Obwohl Russland weiterhin täglich fast 9000 Neuinfizierte zählt und als das am drittstärksten von der Coronavirus-Pandemie betroffene Land weltweit gilt, tritt der unter unerwarteten Druck geratene Präsident die Flucht nach vorn an. Zusammen mit dem Ende der Ausgangssperre kündigte Putin die Abhaltung der Siegesparade mit 14.000 Soldaten am 24. Juni und die Abstimmung über die Verfassungsreform am 1. Juli an. Bereits am Tag nach der Parade über den Roten Platz können Wähler ihre Stimme abgeben. Wenn auch keine Mindestbeteiligung an der rechtlich nicht bindenden Abstimmung vorgesehen ist, möchte der Kreml laut regimekritischen Beobachtern mit Druck auf die Beschäftigten im öffentlichen Dienst eine Wahlbeteiligung von über 50 Prozent sichern. Wegen der besonderen Corona-Regeln befürchtet die Opposition massive Manipulationen.
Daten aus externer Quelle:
lemma slice_points_near:
  assumes "y \<in> M \<inter> U" "y \<in> closure {z \<in> M. locally_contained M H z}" "r > 0"
  obtains w' \<epsilon> where "w' \<in> W \<inter> V" "dist w' (\<phi> y) < r" "\<epsilon> > 0"
    "\<And>w. w \<in> V \<inter> ball w' \<epsilon> \<Longrightarrow> \<psi> w \<in> H"
proof -
  obtain s where "s > 0" and s: "\<And>z. dist z y < s \<Longrightarrow> dist (\<phi> z) (\<phi> y) < r"
    using continuous_\<phi> assms(1,3) unfolding continuous_at_eps_delta by blast
  obtain t where "t > 0" "ball y t \<subseteq> U"
    using assms(1) open_U open_contains_ball by blast
  then have "min s t > 0"
    using \<open>s > 0\<close> by simp
  then obtain y' where y': "y' \<in> M" "locally_contained M H y'" "dist y' y < min s t"
    using assms(2) unfolding closure_approachable by blast
  then obtain \<epsilon>1 where "\<epsilon>1 > 0" and \<epsilon>1: "M \<inter> ball y' \<epsilon>1 \<subseteq> H"
    unfolding locally_contained_def by blast
  have "y' \<in> U"
    using y'(3) \<open>ball y t \<subseteq> U\<close> by (auto simp: dist_commute)
  define w' where "w' = \<phi> y'"
  have w': "w' \<in> W \<inter> V" "\<psi> w' = y'"
    using \<phi>_slice \<psi>_\<phi> y'(1) \<open>y' \<in> U\<close> by (auto simp: w'_def)
  have "\<exists>d>0. \<forall>w. dist w w' < d \<longrightarrow> dist (\<psi> w) (\<psi> w') < \<epsilon>1"
    using continuous_\<psi> w'(1) \<open>\<epsilon>1 > 0\<close> unfolding continuous_at_eps_delta by blast
  then obtain \<epsilon>2 where "\<epsilon>2 > 0" and \<epsilon>2: "\<And>w. dist w w' < \<epsilon>2 \<Longrightarrow> dist (\<psi> w) y' < \<epsilon>1"
    using w'(2) by auto
  obtain \<epsilon>3 where "\<epsilon>3 > 0" "ball w' \<epsilon>3 \<subseteq> W"
    using w'(1) open_W open_contains_ball by blast
  define \<epsilon> where "\<epsilon> = min \<epsilon>2 \<epsilon>3"
  have "\<psi> w \<in> H" if "w \<in> V \<inter> ball w' \<epsilon>" for w
  proof -
    have "w \<in> W \<inter> V"
      using that \<open>ball w' \<epsilon>3 \<subseteq> W\<close> by (auto simp: \<epsilon>_def)
    then have "\<psi> w \<in> M"
      using \<psi>_slice by blast
    moreover have "dist (\<psi> w) y' < \<epsilon>1"
      using that \<epsilon>2 by (simp add: \<epsilon>_def dist_commute)
    ultimately show ?thesis
      using \<epsilon>1 by (auto simp: dist_commute)
  qed
  moreover have "dist w' (\<phi> y) < r"
    using s y'(3) by (simp add: w'_def)
  moreover have "\<epsilon> > 0"
    using \<open>\<epsilon>2 > 0\<close> \<open>\<epsilon>3 > 0\<close> by (simp add: \<epsilon>_def)
  ultimately show ?thesis
    using that w'(1) by blast
qed
lemma tail_dep_Y_same_time:
  assumes "n \<ge> 1" "x \<noteq> x'"
  shows "tail_dep M (Y n x') (Y n x) (if \<alpha> x' \<le> \<alpha> x then 1 - share_limit (\<alpha> x) else 0)"
proof -
  let ?sU = "\<lambda>y. 1 / y + y powr - \<alpha> x" and ?sV = "\<lambda>y. 1 / y + y powr - \<alpha> x'"
  let ?sJ = "\<lambda>y. 2 / y + max (y powr - \<alpha> x') (y powr - \<alpha> x)"
  have joint: "(\<Sum>i\<in>inputs n x' \<union> inputs n x. max (rate n x' y i) (rate n x y i)) = ?sJ y"
    if "y > 0" for y
  proof -
    have "inputs n x' \<union> inputs n x = {Inl (n, x'), Inl (n - 1, x'), Inl (n, x), Inl (n - 1, x), Inr n}"
      by (auto simp: inputs_def)
    then show ?thesis
      using assms that by (cases n) (simp_all add: rate_def field_simps)
  qed
  have lim_sJ: "(?sJ \<longlongrightarrow> 0) at_top"
  proof (rule tendsto_add_zero)
    have "((\<lambda>y. max (y powr - \<alpha> x') (y powr - \<alpha> x)) \<longlongrightarrow> max 0 0) at_top"
      using alpha_pos by (intro tendsto_max tendsto_neg_powr filterlim_ident) auto
    then show "((\<lambda>y. max (y powr - \<alpha> x') (y powr - \<alpha> x)) \<longlongrightarrow> 0) at_top"
      by simp
  qed real_asymp
  have tail: "tail_dep M (Y n x') (Y n x) (1 - c)"
    if "((\<lambda>y. (?sJ y - ?sV y) / ?sU y) \<longlongrightarrow> c) at_top" for c
    using assms(1) assms(1) joint lim_sJ that by (rule tail_dep_Y)
  show ?thesis
  proof (cases "\<alpha> x' \<le> \<alpha> x")
    case True
    have "\<forall>\<^sub>F y in at_top. (1 / y) / ?sU y = (?sJ y - ?sV y) / ?sU y"
      using eventually_gt_at_top[of 1] by eventually_elim (use True in \<open>simp add: max_def\<close>)
    with tendsto_share_limit[OF alpha_pos]
    have "((\<lambda>y. (?sJ y - ?sV y) / ?sU y) \<longlongrightarrow> share_limit (\<alpha> x)) at_top"
      by (rule Lim_transform_eventually)
    from tail[OF this] True show ?thesis
      by simp
  next
    case False
    have "((\<lambda>y. y powr - \<alpha> x' / ?sU y) \<longlongrightarrow> 0) at_top"
    proof (rule tendsto_sandwich[OF _ _ tendsto_const])
      show "\<forall>\<^sub>F y in at_top. 0 \<le> y powr - \<alpha> x' / ?sU y"
        by (rule eventually_mono[OF eventually_gt_at_top[of 0]]) simp
      show "\<forall>\<^sub>F y in at_top. y powr - \<alpha> x' / ?sU y \<le> y powr (\<alpha> x - \<alpha> x')"
      proof (rule eventually_mono[OF eventually_gt_at_top[of 0]])
        fix y :: real
        assume y: "y > 0"
        have "y powr - \<alpha> x' / ?sU y \<le> y powr - \<alpha> x' / y powr - \<alpha> x"
          using y by (intro divide_left_mono) (auto intro!: mult_pos_pos add_pos_pos)
        also have "\<dots> = y powr (\<alpha> x - \<alpha> x')"
          by (simp add: powr_diff[symmetric])
        finally show "y powr - \<alpha> x' / ?sU y \<le> y powr (\<alpha> x - \<alpha> x')" .
      qed
      show "((\<lambda>y. y powr (\<alpha> x - \<alpha> x')) \<longlongrightarrow> 0) at_top"
        using False by (intro tendsto_neg_powr filterlim_ident) auto
    qed
    then have "((\<lambda>y. 1 - y powr - \<alpha> x' / ?sU y) \<longlongrightarrow> 1 - 0) at_top"
      by (intro tendsto_diff tendsto_const)
    moreover have "\<forall>\<^sub>F y in at_top. 1 - y powr - \<alpha> x' / ?sU y = (?sJ y - ?sV y) / ?sU y"
      using eventually_gt_at_top[of 1]
    proof eventually_elim
      case (elim y)
      then have ne: "?sU y \<noteq> 0"
        using exponent_pos[of y "\<alpha> x"] by simp
      have eq: "?sJ y - ?sV y = ?sU y - y powr - \<alpha> x'"
        using elim False by (simp add: max_def)
      show ?case
        by (simp only: eq diff_divide_distrib divide_self[OF ne])
    qed
    ultimately have "((\<lambda>y. (?sJ y - ?sV y) / ?sU y) \<longlongrightarrow> 1) at_top"
      by (simp add: Lim_transform_eventually)
    from tail[OF this] False show ?thesis
      by simp
  qed
qed

end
Laut Umfragen und Zeitungsberichten steigen die Unzufriedenheit und Protestbereitschaft im Land. In seinem zitierten Artikel schrieb Jerofejew, der reife Putin ähnele zunehmend dem späten Stalin, getrieben von der Angst, die eigene Elite könnte sich letztlich gegen ihn erheben. Sein Vergleich mag überzogen klingen. Die Zeit Putins als Sicherheitsanker, als Garant der politischen Stabilität und des steigenden LebensStandards scheint jedenfalls vorbei zu sein. (Paul Lendvai, 15.6.2020)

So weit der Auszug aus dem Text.